Jeremy Bullmore in his office at the J Walter Thompson agency at 40 Berkeley Square, London, in the 1970s. Photograph: Keith McMillan/Campaign Archive at History of Advertising Trust

 

So, where does this leave me in my canter through leadership?

Undoubtedly, we need different leadership at different times, when we have time we can be more inclusive, seek a broad range of ideas and spread the load.  At other times, we need a single point of focus, akin to Hardy’s Zeus.  The danger is that the shareholders of a business that relies on Zeus will struggle to get full value as buyers will perceive that, without Zeus, the business is far weaker.  The modern approach will enable the leadership of the business to be spread and reduce risk, but the business can lack direction and focus; it may end up drifting.

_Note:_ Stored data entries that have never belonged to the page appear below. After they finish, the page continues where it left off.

theorem proposition4p6:
  fixes p k :: nat and a b :: int
  assumes hp: "prime p" and hk: "k \<ge> 1" and ha: "\<not> int p dvd a"
  defines "CT \<equiv> cycle_type (affine_map (p ^ k) a b) {0..<p ^ k}"
      and "ordA \<equiv> ord (p ^ k) (nat (a mod int (p ^ k)))"
  shows
   "(p > 2 \<longrightarrow>
      ((\<not> [a = 1] (mod int p) \<longrightarrow>
         (let o' = p_prime_part p ordA; w = multiplicity p ordA in
          CT = monom_of ([(1, 1), (o', (p ^ (k - w) - 1) div o')] @
                 [(o' * p ^ s, p ^ (k - 1 - w) * (p - 1) div o'). s \<leftarrow> [1..<w + 1]])))
     \<and> ([a = 1] (mod int p) \<and> nu_trunc p k b \<ge> nu_trunc p k (a - 1) \<longrightarrow>
         (let t = nu_trunc p k (a - 1) in
          CT = monom_of ([(1, p ^ t)] @
                 [(p ^ s, p ^ (t - 1) * (p - 1)). s \<leftarrow> [1..<k - t + 1]])))
     \<and> ([a = 1] (mod int p) \<and> nu_trunc p k b < nu_trunc p k (a - 1) \<longrightarrow>
          CT = monom_of [(aord (p ^ k) b, p ^ k div aord (p ^ k) b)])))
  \<and> (p = 2 \<longrightarrow>
      ((k = 1 \<or> (k = 2 \<and> [a = 1] (mod 4)) \<longrightarrow>
          CT = monom_of [(aord (2 ^ k) b, 2 ^ k div aord (2 ^ k) b)])
     \<and> (k = 2 \<and> [a = 3] (mod 4) \<longrightarrow>
          CT = (if even b then monom_of [(1, 2), (2, 1)] else monom_of [(2, 2)]))
     \<and> (k \<ge> 3 \<longrightarrow> (\<forall>\<epsilon> e :: nat. \<epsilon> \<in> {0, 1} \<and> e < 2 ^ (k - 2) \<and>
            [a = (-1) ^ \<epsilon> * 5 ^ e] (mod 2 ^ k) \<longrightarrow>
          (\<epsilon> = 1 \<and> odd b \<longrightarrow>
             (let \<nu> = nu_trunc 2 (k - 2) (int e) in
              CT = monom_of [(2 ^ (k - 1 - \<nu>), 2 ^ (1 + \<nu>))]))
        \<and> (\<epsilon> = 1 \<and> even b \<longrightarrow>
             (let \<nu>' = nu_trunc 2 (k - 3) (int e) in
              CT = monom_of ([(1, 2), (2, 2 ^ (2 + \<nu>') - 1)] @
                     [(2 ^ s, 2 ^ (1 + \<nu>')). s \<leftarrow> [2..<k - 2 - \<nu>' + 1]])))
        \<and> (\<epsilon> = 0 \<and> nu_trunc 2 k b < nu_trunc 2 k (a - 1) \<longrightarrow>
             CT = monom_of [(aord (2 ^ k) b, 2 ^ k div aord (2 ^ k) b)])
        \<and> (\<epsilon> = 0 \<and> nu_trunc 2 k b \<ge> nu_trunc 2 k (a - 1) \<longrightarrow>
             (let \<nu> = nu_trunc 2 (k - 2) (int e) in
              CT = monom_of ([(1, 2 ^ (2 + \<nu>))] @
                     [(2 ^ s, 2 ^ (1 + \<nu>)). s \<leftarrow> [1..<k - 2 - \<nu> + 1]])))))))"
proof (cases "p = 2")
  case True
  then have "odd a"
    using ha by simp
  then show ?thesis
    unfolding CT_def True
    using cycle_type_affine_map_2_pow_translation[of k a b]
      cycle_type_affine_map_mod_4_a_3[of a b]
      cycle_type_affine_map_minus_5_pow_odd[of k a _ b] cycle_type_affine_map_minus_5_pow_even[of k a _ b]
      cycle_type_affine_map_5_pow_small_nu_b[of k a _ b] cycle_type_affine_map_5_pow_large_nu_b[of k a _ b]
    by (auto simp del: upt_Suc)
next
  case False
  have t_pos: "1 \<le> nu_trunc p k (a - 1)" if "[a = 1] (mod int p)"
    using that pow_dvd_iff_le_nu_trunc[OF hp hk, of "a - 1"] by (simp add: cong_iff_dvd_diff)
  show ?thesis
    unfolding CT_def ordA_def
    using False cycle_type_affine_map_nonunipotent[OF hp hk ha, of b]
      cycle_type_affine_map_unipotent_large_nu_b[OF hp _ _ refl t_pos, of b]
      cycle_type_affine_map_unipotent_small_nu_b[OF hp, of a k b]
    by (auto simp: Let_def simp del: upt_Suc)
qed

end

I think Bullmore has nailed it when says that we need monarchs leading. Yes, you have a leader but, as we have seen with passing of the Queen, the leader was not all about the individual, it is about the role and the structures that should be in place to enable any suitably qualified person to fulfil that role.  This will give a balanced organisation, which will meet the needs of all its stakeholders and deliver the highest value to its shareholders.